### Saved data entries
┄┄┄┄┄┄┄┄┄┄┄┄┄┄┄┄┄┄┄┄

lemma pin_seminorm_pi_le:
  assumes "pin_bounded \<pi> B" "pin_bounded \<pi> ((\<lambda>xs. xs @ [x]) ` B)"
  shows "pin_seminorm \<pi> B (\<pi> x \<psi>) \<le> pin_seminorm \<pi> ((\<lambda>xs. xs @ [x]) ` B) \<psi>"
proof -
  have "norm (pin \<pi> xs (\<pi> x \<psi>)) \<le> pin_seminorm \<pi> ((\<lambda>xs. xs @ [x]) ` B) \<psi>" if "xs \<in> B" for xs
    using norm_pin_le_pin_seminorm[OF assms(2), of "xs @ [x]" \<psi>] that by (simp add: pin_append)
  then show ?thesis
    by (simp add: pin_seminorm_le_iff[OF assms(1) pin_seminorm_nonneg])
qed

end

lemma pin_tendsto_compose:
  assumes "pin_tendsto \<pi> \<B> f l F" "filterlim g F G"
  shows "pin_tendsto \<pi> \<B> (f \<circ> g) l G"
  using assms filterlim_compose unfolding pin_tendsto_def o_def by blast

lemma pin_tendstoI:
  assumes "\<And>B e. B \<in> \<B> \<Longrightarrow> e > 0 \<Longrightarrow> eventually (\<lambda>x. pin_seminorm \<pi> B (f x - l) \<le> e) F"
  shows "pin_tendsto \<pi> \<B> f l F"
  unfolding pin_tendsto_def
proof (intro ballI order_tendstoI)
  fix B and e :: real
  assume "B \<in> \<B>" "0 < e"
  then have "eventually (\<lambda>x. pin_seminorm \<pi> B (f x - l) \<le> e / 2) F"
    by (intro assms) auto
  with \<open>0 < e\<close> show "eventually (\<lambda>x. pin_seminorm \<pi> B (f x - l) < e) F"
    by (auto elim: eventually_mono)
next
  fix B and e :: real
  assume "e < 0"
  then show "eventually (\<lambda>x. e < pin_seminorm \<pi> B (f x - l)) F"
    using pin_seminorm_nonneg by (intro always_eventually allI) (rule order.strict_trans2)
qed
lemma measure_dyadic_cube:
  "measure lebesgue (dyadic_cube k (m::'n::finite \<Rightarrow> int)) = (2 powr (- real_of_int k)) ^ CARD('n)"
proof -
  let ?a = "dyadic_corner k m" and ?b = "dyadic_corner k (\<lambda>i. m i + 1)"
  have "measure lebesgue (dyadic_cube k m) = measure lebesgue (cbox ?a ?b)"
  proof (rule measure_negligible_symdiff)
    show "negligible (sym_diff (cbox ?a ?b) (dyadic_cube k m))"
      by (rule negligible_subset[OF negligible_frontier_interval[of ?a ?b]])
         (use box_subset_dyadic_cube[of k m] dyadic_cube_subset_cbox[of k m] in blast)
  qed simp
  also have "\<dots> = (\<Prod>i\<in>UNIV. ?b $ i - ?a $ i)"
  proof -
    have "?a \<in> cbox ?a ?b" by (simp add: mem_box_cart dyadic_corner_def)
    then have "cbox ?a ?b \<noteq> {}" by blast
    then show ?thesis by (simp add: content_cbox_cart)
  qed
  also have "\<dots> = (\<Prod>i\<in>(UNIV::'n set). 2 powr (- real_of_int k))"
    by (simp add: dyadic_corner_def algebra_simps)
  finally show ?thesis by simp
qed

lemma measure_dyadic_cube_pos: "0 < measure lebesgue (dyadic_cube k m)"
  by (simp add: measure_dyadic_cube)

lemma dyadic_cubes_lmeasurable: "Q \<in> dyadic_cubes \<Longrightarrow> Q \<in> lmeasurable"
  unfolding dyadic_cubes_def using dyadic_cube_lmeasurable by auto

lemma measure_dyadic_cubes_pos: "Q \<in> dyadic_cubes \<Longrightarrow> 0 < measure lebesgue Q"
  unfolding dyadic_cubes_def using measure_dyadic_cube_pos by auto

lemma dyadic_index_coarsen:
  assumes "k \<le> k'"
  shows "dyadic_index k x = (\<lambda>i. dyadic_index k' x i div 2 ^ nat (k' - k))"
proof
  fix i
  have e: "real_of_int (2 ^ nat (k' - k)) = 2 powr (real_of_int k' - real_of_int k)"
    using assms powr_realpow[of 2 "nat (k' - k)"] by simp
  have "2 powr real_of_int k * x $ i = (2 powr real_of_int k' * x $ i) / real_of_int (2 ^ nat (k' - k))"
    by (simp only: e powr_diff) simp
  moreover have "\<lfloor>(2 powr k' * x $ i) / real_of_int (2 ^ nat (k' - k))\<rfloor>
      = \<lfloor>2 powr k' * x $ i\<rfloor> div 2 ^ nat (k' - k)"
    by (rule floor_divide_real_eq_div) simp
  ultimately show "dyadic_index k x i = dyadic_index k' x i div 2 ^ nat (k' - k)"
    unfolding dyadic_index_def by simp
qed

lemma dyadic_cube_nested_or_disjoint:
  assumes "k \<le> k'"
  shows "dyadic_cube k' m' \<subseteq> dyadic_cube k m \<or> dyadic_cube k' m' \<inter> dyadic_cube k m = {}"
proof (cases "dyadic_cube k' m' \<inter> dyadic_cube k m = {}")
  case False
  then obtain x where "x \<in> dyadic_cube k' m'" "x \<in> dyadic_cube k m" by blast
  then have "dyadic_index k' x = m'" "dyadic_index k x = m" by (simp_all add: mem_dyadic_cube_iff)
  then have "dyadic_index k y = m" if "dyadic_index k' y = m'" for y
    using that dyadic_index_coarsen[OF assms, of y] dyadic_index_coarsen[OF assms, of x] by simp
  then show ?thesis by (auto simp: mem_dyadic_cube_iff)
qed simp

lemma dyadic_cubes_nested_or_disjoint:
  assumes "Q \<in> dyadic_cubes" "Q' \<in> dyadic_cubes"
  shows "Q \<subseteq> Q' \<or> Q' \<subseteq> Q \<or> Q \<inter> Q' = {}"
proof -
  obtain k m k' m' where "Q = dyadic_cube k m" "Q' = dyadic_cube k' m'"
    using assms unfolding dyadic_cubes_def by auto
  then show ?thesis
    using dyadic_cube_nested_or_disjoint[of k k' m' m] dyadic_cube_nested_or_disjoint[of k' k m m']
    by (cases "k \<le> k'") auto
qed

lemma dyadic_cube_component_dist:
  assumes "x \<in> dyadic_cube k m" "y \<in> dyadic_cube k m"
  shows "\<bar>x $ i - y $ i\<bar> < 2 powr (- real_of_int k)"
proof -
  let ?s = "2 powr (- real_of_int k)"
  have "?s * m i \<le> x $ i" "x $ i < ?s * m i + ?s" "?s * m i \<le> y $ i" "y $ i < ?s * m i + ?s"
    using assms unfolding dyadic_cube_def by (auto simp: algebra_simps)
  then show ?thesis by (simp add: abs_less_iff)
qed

┄┄┄┄┄┄┄┄┄┄┄┄┄┄┄┄┄┄┄┄

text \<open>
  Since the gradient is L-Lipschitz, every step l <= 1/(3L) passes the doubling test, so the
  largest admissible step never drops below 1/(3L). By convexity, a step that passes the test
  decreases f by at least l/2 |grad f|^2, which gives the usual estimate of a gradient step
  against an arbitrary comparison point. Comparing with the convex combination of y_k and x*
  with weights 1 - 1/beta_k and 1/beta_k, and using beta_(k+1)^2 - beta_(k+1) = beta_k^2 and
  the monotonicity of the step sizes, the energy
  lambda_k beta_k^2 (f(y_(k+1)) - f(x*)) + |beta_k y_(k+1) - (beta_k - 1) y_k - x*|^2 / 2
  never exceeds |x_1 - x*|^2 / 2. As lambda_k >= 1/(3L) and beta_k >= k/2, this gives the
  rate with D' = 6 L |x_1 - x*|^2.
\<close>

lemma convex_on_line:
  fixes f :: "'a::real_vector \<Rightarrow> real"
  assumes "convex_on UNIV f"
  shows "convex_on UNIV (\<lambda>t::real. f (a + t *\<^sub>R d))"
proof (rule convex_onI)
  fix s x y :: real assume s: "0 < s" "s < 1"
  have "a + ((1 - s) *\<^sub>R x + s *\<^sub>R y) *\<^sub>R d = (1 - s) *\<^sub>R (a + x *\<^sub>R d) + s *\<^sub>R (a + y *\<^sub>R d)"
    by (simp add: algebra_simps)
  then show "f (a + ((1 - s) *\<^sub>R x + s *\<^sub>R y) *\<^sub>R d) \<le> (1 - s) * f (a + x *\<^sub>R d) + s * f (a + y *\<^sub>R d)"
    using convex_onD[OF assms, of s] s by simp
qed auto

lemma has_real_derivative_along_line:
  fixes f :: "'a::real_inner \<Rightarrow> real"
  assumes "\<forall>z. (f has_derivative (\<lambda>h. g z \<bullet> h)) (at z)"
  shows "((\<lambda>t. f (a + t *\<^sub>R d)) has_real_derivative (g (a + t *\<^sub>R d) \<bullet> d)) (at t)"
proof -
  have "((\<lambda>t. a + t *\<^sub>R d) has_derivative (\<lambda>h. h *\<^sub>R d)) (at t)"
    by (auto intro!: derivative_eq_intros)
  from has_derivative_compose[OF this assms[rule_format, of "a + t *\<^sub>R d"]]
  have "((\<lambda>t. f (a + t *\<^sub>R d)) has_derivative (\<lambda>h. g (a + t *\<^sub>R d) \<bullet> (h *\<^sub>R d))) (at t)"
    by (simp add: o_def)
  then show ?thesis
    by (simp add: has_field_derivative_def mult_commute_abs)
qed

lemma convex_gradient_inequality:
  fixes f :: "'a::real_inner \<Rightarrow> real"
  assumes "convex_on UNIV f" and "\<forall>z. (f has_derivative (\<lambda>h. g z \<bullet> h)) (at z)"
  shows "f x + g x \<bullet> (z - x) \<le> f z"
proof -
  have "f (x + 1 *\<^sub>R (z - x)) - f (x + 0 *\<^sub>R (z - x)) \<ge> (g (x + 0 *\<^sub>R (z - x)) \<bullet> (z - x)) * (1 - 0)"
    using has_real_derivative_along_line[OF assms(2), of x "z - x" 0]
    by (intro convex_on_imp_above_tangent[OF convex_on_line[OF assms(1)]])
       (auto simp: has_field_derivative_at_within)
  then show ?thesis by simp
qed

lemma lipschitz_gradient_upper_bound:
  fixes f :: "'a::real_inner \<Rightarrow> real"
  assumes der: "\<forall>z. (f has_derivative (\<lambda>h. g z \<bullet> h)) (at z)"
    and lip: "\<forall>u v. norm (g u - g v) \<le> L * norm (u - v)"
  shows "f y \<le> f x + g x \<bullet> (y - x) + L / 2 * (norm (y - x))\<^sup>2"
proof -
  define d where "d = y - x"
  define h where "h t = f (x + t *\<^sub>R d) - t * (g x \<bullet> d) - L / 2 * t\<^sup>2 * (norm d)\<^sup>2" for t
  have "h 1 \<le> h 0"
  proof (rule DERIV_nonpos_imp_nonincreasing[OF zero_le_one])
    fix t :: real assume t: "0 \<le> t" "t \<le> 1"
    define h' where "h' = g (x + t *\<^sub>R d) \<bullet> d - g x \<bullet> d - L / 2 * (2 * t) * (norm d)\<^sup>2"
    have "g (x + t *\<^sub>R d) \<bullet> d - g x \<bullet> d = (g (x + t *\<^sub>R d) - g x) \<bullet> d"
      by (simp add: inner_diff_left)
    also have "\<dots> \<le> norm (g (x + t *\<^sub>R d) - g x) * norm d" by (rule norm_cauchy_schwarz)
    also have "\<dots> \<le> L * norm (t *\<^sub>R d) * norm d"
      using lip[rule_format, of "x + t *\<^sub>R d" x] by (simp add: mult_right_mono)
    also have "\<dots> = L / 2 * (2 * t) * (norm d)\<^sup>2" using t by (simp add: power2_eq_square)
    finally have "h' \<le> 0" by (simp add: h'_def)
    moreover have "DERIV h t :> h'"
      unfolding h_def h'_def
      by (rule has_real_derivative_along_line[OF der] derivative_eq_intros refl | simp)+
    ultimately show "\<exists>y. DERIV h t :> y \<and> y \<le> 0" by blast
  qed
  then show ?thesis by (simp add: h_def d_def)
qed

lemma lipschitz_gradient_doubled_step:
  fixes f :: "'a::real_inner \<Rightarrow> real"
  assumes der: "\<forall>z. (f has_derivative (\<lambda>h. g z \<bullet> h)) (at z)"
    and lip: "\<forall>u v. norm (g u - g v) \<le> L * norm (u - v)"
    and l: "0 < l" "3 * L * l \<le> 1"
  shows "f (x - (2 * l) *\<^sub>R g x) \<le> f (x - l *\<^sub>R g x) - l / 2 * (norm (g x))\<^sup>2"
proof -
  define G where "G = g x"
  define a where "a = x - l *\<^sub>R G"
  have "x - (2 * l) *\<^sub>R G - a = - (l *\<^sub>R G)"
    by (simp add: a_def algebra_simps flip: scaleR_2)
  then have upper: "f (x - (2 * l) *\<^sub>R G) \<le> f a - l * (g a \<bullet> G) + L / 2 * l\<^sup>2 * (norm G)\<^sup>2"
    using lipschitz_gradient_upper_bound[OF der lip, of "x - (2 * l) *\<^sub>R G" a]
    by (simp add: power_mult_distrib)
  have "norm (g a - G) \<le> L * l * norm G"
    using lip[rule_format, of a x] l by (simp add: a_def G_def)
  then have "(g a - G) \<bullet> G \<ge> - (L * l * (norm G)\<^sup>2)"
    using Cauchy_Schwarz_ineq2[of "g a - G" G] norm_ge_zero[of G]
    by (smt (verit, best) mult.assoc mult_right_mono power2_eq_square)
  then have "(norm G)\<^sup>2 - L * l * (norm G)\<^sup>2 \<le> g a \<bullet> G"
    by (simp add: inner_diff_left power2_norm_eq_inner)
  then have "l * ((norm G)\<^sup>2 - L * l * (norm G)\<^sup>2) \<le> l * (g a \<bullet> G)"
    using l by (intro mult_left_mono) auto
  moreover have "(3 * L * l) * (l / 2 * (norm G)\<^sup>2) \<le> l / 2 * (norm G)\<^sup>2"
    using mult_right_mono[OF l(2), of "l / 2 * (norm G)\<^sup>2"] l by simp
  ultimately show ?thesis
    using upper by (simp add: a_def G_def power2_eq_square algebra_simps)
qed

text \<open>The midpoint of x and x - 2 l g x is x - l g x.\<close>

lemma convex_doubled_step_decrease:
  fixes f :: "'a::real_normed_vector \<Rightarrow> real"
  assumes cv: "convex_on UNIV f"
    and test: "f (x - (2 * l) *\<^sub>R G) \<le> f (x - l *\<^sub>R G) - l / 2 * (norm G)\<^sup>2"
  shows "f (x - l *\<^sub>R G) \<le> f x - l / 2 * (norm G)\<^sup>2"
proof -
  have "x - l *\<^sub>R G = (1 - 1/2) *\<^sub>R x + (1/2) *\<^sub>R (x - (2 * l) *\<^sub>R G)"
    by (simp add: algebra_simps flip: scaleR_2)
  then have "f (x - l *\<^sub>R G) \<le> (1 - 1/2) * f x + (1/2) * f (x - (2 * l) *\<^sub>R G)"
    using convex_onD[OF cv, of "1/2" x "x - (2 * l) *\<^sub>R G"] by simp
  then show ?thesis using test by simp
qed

┄┄┄┄┄┄┄┄┄┄┄┄┄┄┄┄┄┄┄┄

### Task details
Copy down every line of the entries containing the word "open".

### Exercise response
  with \<open>0 < e\<close> show "eventually (\<lambda>x. pin_seminorm \<pi> B (f x - l) < e) F"
text \<open>
text \<open>The midpoint of x and x - 2 l g x is x - l g x.\<close>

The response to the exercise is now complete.